One of the first background CGs to be completed for the NEEDY anime was this Mondrian-like room.
It’s an interior I’m deeply fond of—like a modern arrangement of the Rietveld Schröder House I visited in Utrecht.

Mondrian’s tricolor of red, blue, and yellow. I’ve always wanted to challenge myself with the power of the three primary colors. It would be even better if I could express color as naturally as a Godard film does. If I’m going to create a visual work, I feel like the artistic pursuits I’ve chased all my life should come as part of the package.
People sometimes say the NEEDY anime feels “like (a classic anime from back in the day),” but the context is different. The direction is imagined through Kubrick and French cinema—more like inheriting the Kubrick-and-Godard gene that those older works themselves carried. Something Japan inherited by way of directors like Akio Jissoji (Ultraman).
I directed the PV for Karamazov! I tried to pick up on nyalra’s love for Godard and build it into the piece. Please support both the theatrical version and the TV broadcast!

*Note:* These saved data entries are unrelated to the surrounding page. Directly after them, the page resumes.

(* Suppose $y$ is the peak blue entry of a $321$-containing avoider $p$. Then (i) $p\,\backslash\,\{y\}$ is again an avoider, (ii) the blue entries of $p$ other than $y$ become the blue entries of $p\,\backslash\,\{y\}$, and (iii) $y$ is in the peak-insertion set of $p\,\backslash\,\{y\}$.
   Context: Permutations are standard permutations written in one-line form. A permutation on $[n]$ is indecomposable if there is no $k$ with $1\le k<n$ such that its first $k$ entries are exactly $\{1,\dots,k\}$ (the empty permutation is not indecomposable). An "avoider" means an indecomposable permutation avoiding both patterns $3241$ and $4321$. A blue (key-2) entry of an avoider is an entry that serves as the "2" in a $321$ pattern or in a $4312$ pattern. For a $321$-containing avoider, let $a$ be the last (rightmost) entry serving as the "1" of a $321$ pattern; the peak blue entry is the larger of $a$ and its immediate predecessor. Deleting an entry $y$ from a permutation $p$ on $[n]$, written $p\,\backslash\,\{y\}$, means erasing $y$ and subtracting $1$ from each entry $>y$. LRMax means left-to-right maximum. To a $321$-containing permutation $p$ on $[n]$ associate the triple $(a,b,c)$: $a$ is the last "1" of a $321$ in $p$, $b$ is the rightmost entry to the left of $a$ that exceeds $a$, and $c$ is the first non-LRMax entry after $a$ ($c=\infty$ if there is none). Its peak-insertion set is $[a+1,b+1]\cup[c+1,n]$, where $[c+1,n]=\emptyset$ if $c=\infty$. For a $321$-avoiding permutation on $[n]$, set $c=1$ and define its peak-insertion set to be $[2,n]$. *)

theory Defs
  imports Main
begin

text \<open>Permutations of [n] in one-line form are lists of naturals; positions are 0-indexed.\<close>

definition is_perm :: "nat list \<Rightarrow> bool" where
  "is_perm p \<longleftrightarrow> distinct p \<and> set p = {1..length p}"

definition indecomposable :: "nat list \<Rightarrow> bool" where
  "indecomposable p \<longleftrightarrow> p \<noteq> [] \<and>
     (\<forall>k. 1 \<le> k \<and> k < length p \<longrightarrow> set (take k p) \<noteq> {1..k})"

definition occ :: "nat list \<Rightarrow> nat list \<Rightarrow> nat list \<Rightarrow> bool" where
  "occ p pat idx \<longleftrightarrow> length idx = length pat \<and> sorted_wrt (<) idx \<and>
     (\<forall>i\<in>set idx. i < length p) \<and>
     (\<forall>i<length pat. \<forall>j<length pat. (p ! (idx ! i) < p ! (idx ! j)) \<longleftrightarrow> (pat ! i < pat ! j))"

definition contains :: "nat list \<Rightarrow> nat list \<Rightarrow> bool" where
  "contains p pat \<longleftrightarrow> (\<exists>idx. occ p pat idx)"

definition avoider :: "nat list \<Rightarrow> bool" where
  "avoider p \<longleftrightarrow> is_perm p \<and> indecomposable p \<and>
     \<not> contains p [3,2,4,1] \<and> \<not> contains p [4,3,2,1]"

definition serves :: "nat list \<Rightarrow> nat list \<Rightarrow> nat \<Rightarrow> nat \<Rightarrow> bool" where
  "serves p pat r j \<longleftrightarrow> (\<exists>idx k. occ p pat idx \<and> k < length pat \<and> pat ! k = r \<and> idx ! k = j)"

definition blue :: "nat list \<Rightarrow> nat set" where
  "blue p = {p ! j | j. j < length p \<and> (serves p [3,2,1] 2 j \<or> serves p [4,3,1,2] 2 j)}"

definition last1pos :: "nat list \<Rightarrow> nat" where
  "last1pos p = Max {j. serves p [3,2,1] 1 j}"

definition peak_blue :: "nat list \<Rightarrow> nat" where
  "peak_blue p = max (p ! last1pos p) (p ! (last1pos p - 1))"

definition del_entry :: "nat list \<Rightarrow> nat \<Rightarrow> nat list" where
  "del_entry p y = map (\<lambda>x. if y < x then x - 1 else x) (removeAll y p)"

definition is_lrmax :: "nat list \<Rightarrow> nat \<Rightarrow> bool" where
  "is_lrmax p i \<longleftrightarrow> (\<forall>k<i. p ! k < p ! i)"

definition peak_ins :: "nat list \<Rightarrow> nat set" where
  "peak_ins q =
    (if contains q [3,2,1] then
       (let j = last1pos q; a = q ! j;
            b = q ! Max {k. k < j \<and> a < q ! k};
            C = {k. j < k \<and> k < length q \<and> \<not> is_lrmax q k}
        in {a+1..b+1} \<union> (if C = {} then {} else {q ! Min C + 1..length q}))
     else {2..length q})"

end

Art can be broken down into algorithms.
What becomes “artistic” is how you rearrange those “good elements,” or whether you can enjoy the results of chance. How do you step away from the bundle of algorithms that are generally considered “good”? Or, on the contrary, do you deliberately charge straight into the orthodox principle of pleasure? This fine-tuning of balance is what leads to total art.
One of my private joys in anime production is to admire the unexpected outputs born from that synthesis—to enjoy the accidental byproducts that emerge.
And with that, here’s a single frame from the PV we released the other day—one that moved me more than anyone else.

Because the character uses such a toxic, aggressive palette, a “purple” that would never appear in the original composition gets injected into the frame—and to me, the image becomes revolutionary.
This happened simply by layering a prepared character over a prepared background. Yet that purple—born from the mixing of red and blue—pushes itself to the front as if it were covering the vivid tricolor. It’s a result you wouldn’t get if you followed the usual “Mondrian-conscious” algorithm. I interpret the accumulation of these kinds of chemical reactions as art.
The artistry lies in making the viewer read into why it was born. An algorithm-made work simplifies that context too much.
What kind of thoughts and processes lead to a purple bishoujo being placed into this composition?
Thinking about things like that, I want to keep stepping further down the path of art—an thorny road that stands in opposition to God—one step at a time.